- Born: 1 December 1910 Voronezh, Russian Empire
- Died: 14 September 1983 (aged 72) Soviet Union
- Occupations: Writer, Director
- Years active: 1937-1979 (film)
- Notable work: Amphibian Man (1961)

= Gennadi Kazansky =

Soviet film director

Gennadi Kazansky (1 December 1910 – 14 September 1983) was a Soviet film director of the Soviet era.

==Life and career==
Gennadi Kazansky was born on 18 November 18 or December 1910 in Voronezh. He studied art history at the Leningrad Institute of Art History and graduated in 1930. He was an associate professor of the practice of cinematic arts at the Russian State Institute of Performing Arts. His film career began in 1931. He worked at the film studio Lenfilm, first as an assistant director, and since 1937 as a director.

During the war, along with other employees of Lenfilm and Mosfilm, he was evacuated to Almaty, where he worked at the film studio Kazakhfilm, then at Mosfilm.

In 1944 he returned to Leningrad and continued to work at Lenfilm. From 1946 to 1947 he was an employee of the Ashkhabad Film Studio, then again returned to Lenfilm, where he worked for the rest of his life.

In 1956 he staged a children's film Old Khottabych based on the fairy tale by Lazar Lagin, which won a number of prizes at international festivals.
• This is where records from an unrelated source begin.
(* Let $G$ be a $2$-edge-connected graph and $e\in E(G)$. Then the inequality $x_e\le 1$ defines a facet of $\mathrm{TECSP}(G)$.
   Context: All graphs are finite, simple and undirected. An edge is a bridge if its removal increases the number of connected components. A graph is $2$-edge-connected if it is connected and has no bridges; the empty graph and a single vertex are $2$-edge-connected. $\chi^H\in\{0,1\}^{E(G)}$ is the incidence vector of $E(H)$, and $\mathrm{TECSP}(G)=\mathrm{conv}\{\chi^H : H\subseteq G\text{ is }2\text{-edge-connected}\}\subseteq\mathbb{R}^{E(G)}$. A facet is a face of dimension $\dim(\mathrm{TECSP}(G))-1$. *)

theory Defs
  imports "HOL-Analysis.Analysis"
begin

text \<open>A finite simple graph: vertex set V, edges are the elements of a finite type 'e,
  each edge e has a 2-element set of endpoints ends e contained in V, and ends is injective
  (no parallel edges).\<close>

definition simple_graph :: "'v set \<Rightarrow> ('e::finite \<Rightarrow> 'v set) \<Rightarrow> bool" where
  "simple_graph V ends \<longleftrightarrow> finite V \<and> inj ends \<and> (\<forall>e. card (ends e) = 2 \<and> ends e \<subseteq> V)"

definition is_subgraph :: "'v set \<Rightarrow> ('e \<Rightarrow> 'v set) \<Rightarrow> 'v set \<Rightarrow> 'e set \<Rightarrow> bool" where
  "is_subgraph V ends W F \<longleftrightarrow> W \<subseteq> V \<and> (\<forall>f\<in>F. ends f \<subseteq> W)"

definition adj :: "('e \<Rightarrow> 'v set) \<Rightarrow> 'e set \<Rightarrow> 'v \<Rightarrow> 'v \<Rightarrow> bool" where
  "adj ends F u v \<longleftrightarrow> (\<exists>f\<in>F. ends f = {u, v})"

definition reach :: "('e \<Rightarrow> 'v set) \<Rightarrow> 'e set \<Rightarrow> 'v \<Rightarrow> 'v \<Rightarrow> bool" where
  "reach ends F = (adj ends F)\<^sup>*\<^sup>*"

definition connected_graph :: "('e \<Rightarrow> 'v set) \<Rightarrow> 'v set \<Rightarrow> 'e set \<Rightarrow> bool" where
  "connected_graph ends W F \<longleftrightarrow> (\<forall>u\<in>W. \<forall>v\<in>W. reach ends F u v)"

definition components :: "('e \<Rightarrow> 'v set) \<Rightarrow> 'v set \<Rightarrow> 'e set \<Rightarrow> 'v set set" where
  "components ends W F = (\<lambda>u. {v\<in>W. reach ends F u v}) ` W"

definition is_bridge :: "('e \<Rightarrow> 'v set) \<Rightarrow> 'v set \<Rightarrow> 'e set \<Rightarrow> 'e \<Rightarrow> bool" where
  "is_bridge ends W F f \<longleftrightarrow> f \<in> F \<and>
     card (components ends W (F - {f})) > card (components ends W F)"

text \<open>2-edge-connected: connected and without bridges (empty graph and single vertex included).\<close>
definition two_edge_connected :: "('e \<Rightarrow> 'v set) \<Rightarrow> 'v set \<Rightarrow> 'e set \<Rightarrow> bool" where
  "two_edge_connected ends W F \<longleftrightarrow>
     connected_graph ends W F \<and> (\<forall>f\<in>F. \<not> is_bridge ends W F f)"

definition incidence_vector :: "('e::finite) set \<Rightarrow> real ^ 'e" where
  "incidence_vector F = (\<chi> i. if i \<in> F then 1 else 0)"

definition TECSP :: "'v set \<Rightarrow> ('e::finite \<Rightarrow> 'v set) \<Rightarrow> (real ^ 'e) set" where
  "TECSP V ends = convex hull
     {incidence_vector F | W F. is_subgraph V ends W F \<and> two_edge_connected ends W F}"

end

theory Submission
  imports Defs
begin

text \<open>
  The inequality \<open>x\<^sub>e \<le> 1\<close> is valid and tight, and the empty subgraph gives the origin, which lies
  off the face; so it suffices that every \<open>\<chi> H\<close> lies in the linear span of the vectors \<open>\<chi> F\<close> of
  2-edge-connected subgraphs \<open>F\<close> containing \<open>e\<close>. If \<open>e \<notin> H\<close> and such an \<open>F\<close> shares a vertex
  with \<open>H\<close>, then \<open>H \<union> F\<close> is again 2-edge-connected, so \<open>\<chi> H - \<chi> (H \<inter> F) = \<chi> (H \<union> F) - \<chi> F\<close>
  lies in the span. These \<open>F\<close> are closed under unions, so by modularity of \<open>\<chi>\<close> the same holds for
  finite intersections of them. Because \<open>G\<close> is 2-edge-connected, for every \<open>f \<in> H\<close> some such \<open>F\<close>
  avoids \<open>f\<close>; intersecting over all \<open>f \<in> H\<close> yields \<open>\<chi> H\<close> itself.
\<close>

section \<open>Reachability\<close>

lemma adj_sym: "adj ends F u v \<Longrightarrow> adj ends F v u"
  unfolding adj_def by (auto simp: insert_commute)

lemma reach_refl [simp]: "reach ends F u u"
  unfolding reach_def by simp

lemma reach_trans [trans]: "reach ends F u v \<Longrightarrow> reach ends F v w \<Longrightarrow> reach ends F u w"
  unfolding reach_def by (rule rtranclp_trans)

lemma reach_sym: "reach ends F u v \<Longrightarrow> reach ends F v u"
  unfolding reach_def
  by (induction rule: rtranclp_induct) (auto intro: converse_rtranclp_into_rtranclp adj_sym)

lemma reach_edge: "f \<in> F \<Longrightarrow> ends f = {u, v} \<Longrightarrow> reach ends F u v"
  unfolding reach_def adj_def by blast

lemma reach_mono: "reach ends F u v \<Longrightarrow> F \<subseteq> F' \<Longrightarrow> reach ends F' u v"
  unfolding reach_def adj_def by (erule rtranclp_mono[THEN predicate2D, rotated]) blast

lemma reach_ends_iff:
  "ends f = {a, b} \<Longrightarrow> (\<forall>x\<in>ends f. \<forall>y\<in>ends f. reach ends F x y) \<longleftrightarrow> reach ends F a b"
  by (auto dest: reach_sym)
The film Amphibian Man, codirected with Vladimir Chebotaryov, became the leader of Soviet distribution in 1962 (65.5 million viewers). It is little-known in the West, but has become a cult classic in Soviet Union.

Gennadi Kazansky died on September 14, 1983. He was buried at the Bogoslovskoe Cemetery in Leningrad.

==Selected filmography==
- Rimsky-Korsakov (1952)
- An Ardent Heart (1953)
- Old Khottabych (1956)
- Amphibian Man (1962)
- The Snow Queen (1966)
- New Year Adventures of Masha and Vitya (1975)

== Bibliography ==
- Goble, Alan. The Complete Index to Literary Sources in Film. Walter de Gruyter, 1999.